DETAILED DESCRIPTION OF THE INVENTION

[0022] The water key of FIG. 1 comprises a housing 300 of FIG. 3 and a valve assembly 400.

[0023] The housing 300 has a flange 310, a valve seat 320, and a spring chamber 330. The flange 310 is fabricated for a rigid press fit in a hole 110 in the U-shaped portion of a trombone slide 100. The seat 320 is fabricated to block airflow from the U-shaped portion of the trombone slide 100 when in its unactivated state. The chamber 330 has a spring shelf 333 at the inside end.

[0024] The valve assembly 400 comprises a valve 440 of FIG. 4, an actuator 450 of FIG. 5, and a spring 460 of FIG. 6.
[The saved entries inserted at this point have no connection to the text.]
lemma reciprocal_power_not_in_atoms:
  assumes "b \<ge> 2" "Suc j \<in> N"
  shows "(1 / of_nat b) ^ j \<notin> atoms (exp_puiseux (1 / of_nat b) N)"
proof
  let ?r = "1 / of_nat b :: rat" and ?rest = "(\<Sum>i\<in>#replicate_mset (b - 1) (Suc j). (1 / of_nat b :: rat) ^ i)"
  assume atom: "?r ^ j \<in> atoms (exp_puiseux ?r N)"
  have b_split: "of_nat b * x = x + of_nat (b - 1) * x" for x :: rat
    using assms(1) by (simp add: of_nat_diff algebra_simps)
  have "?r ^ j = of_nat b * ?r ^ Suc j" using assms(1) by simp
  also have "\<dots> = ?r ^ Suc j + ?rest" unfolding b_split by simp
  finally have split: "?r ^ j = ?r ^ Suc j + ?rest" .
  have "?r ^ Suc j \<in> exp_puiseux ?r N" "?rest \<in> exp_puiseux ?r N"
    using assms(2) by (rule power_in_exp_puiseux, intro sum_mset_powers_in_exp_puiseux) simp
  moreover have "?r ^ Suc j \<noteq> 0" "?rest \<noteq> 0" using assms(1) by auto
  ultimately show False using atom split unfolding atoms_def by blast
qed

lemma reciprocal_exp_puiseux_not_atomic:
  assumes "b \<ge> 2" and conductor: "\<forall>k\<ge>C. k \<in> N"
  shows "\<not> atomic (exp_puiseux (1 / of_nat b) N)"
proof
  let ?r = "1 / of_nat b :: rat"
  assume "atomic (exp_puiseux ?r N)"
  moreover have "?r ^ C \<in> exp_puiseux ?r N" using conductor by (simp add: power_in_exp_puiseux)
  moreover have "?r ^ C \<noteq> 0" using assms(1) by simp
  ultimately obtain z where z: "set_mset z \<subseteq> atoms (exp_puiseux ?r N)" "sum_mset z = ?r ^ C"
    unfolding atomic_def factorizations_def by blast
  have "atoms (exp_puiseux ?r N) \<subseteq> (\<lambda>k. ?r ^ k) ` {k. k < C}"
  proof
    fix u assume u: "u \<in> atoms (exp_puiseux ?r N)"
    then obtain k where k: "k \<in> N" "u = ?r ^ k"
      using atoms_exp_puiseux_subset_powers[of ?r N] assms(1) by auto
    have "k < C"
    proof (rule ccontr)
      assume "\<not> k < C"
      then have "Suc k \<in> N" using conductor by simp
      then show False using reciprocal_power_not_in_atoms[OF assms(1)] u k(2) by blast
    qed
    with k show "u \<in> (\<lambda>k. ?r ^ k) ` {k. k < C}" by blast
  qed
  with z(1) have "set_mset z \<subseteq> (\<lambda>k. ?r ^ k) ` {k. k < C}" by (rule subset_trans)
  then obtain c where c: "set_mset c \<subseteq> {k. k < C}" "z = image_mset (\<lambda>k. ?r ^ k) c"
    by (rule mset_image_preimage)
  then have "\<forall>k\<in>#c. k < C" "?r ^ C = (\<Sum>k\<in>#c. ?r ^ k)" using z(2) by auto
  then show False using coprime_fraction_power_ne_sum_lower_powers[of 1 b c C, where 'a = rat] assms(1)
    by simp
qed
[0025] The valve 440 has an airflow surface 443, a valve seat surface 446 and a shaft 448. The airflow surface 443 is shaped to minimize air turbulence inside the instrument when in an unactivated state. The valve seat surface 446 is fabricated so that there is no airflow through the chamber 330 when in the unactivated state. The shaft 448 is at least partially threaded and has a length so that the valve 440 about the length of the housing 200.

[0026] The actuator 450 has a hole 458 that is threaded to mate the threads of the shaft 448 and has a diameter just smaller than the chamber 330. The length of the actuator 450 allows for accommodation of the spring 460 and the actuator 450 inside the chamber 330 so that the actuator 450 extends just outside of the chamber 330.

[0027] The spring 460 is no larger in diameter than the actuator 450 and larger enough to fit securely on the shelf 333.

[0028] The water key 200 is assembled by placing the shaft 448 past the valve seat 446 and into the chamber 330 and held there. Then the spring 460 was placed into the chamber 330 and held there. Then the actuator hole 458 is placed onto the shaft 448 by screwing the two together. Then the housing seat 320 is pressed in the mating slide hole 110 in the U-shaped portion of the trombone slide 100.

[0029] In operation, in the unactivated state, the spring 460 is compressed and pushes against the inner surface 453 of the actuator 450 as well as against the shelf 333. The pushes the actuator 450 away from the trombone slide 100 which pulls the valve seat surface 446 snugly against the seat 320 blocking airflow from the trombone over the seat 320.

[0030] To activate, the musician causes pressure against the actuator 450 which causes the valve to rise into the slide 100 allowing airflow as well as any fluid present to traverse the seat 320 and flow through the chamber 330 and escape the trombone through the water key.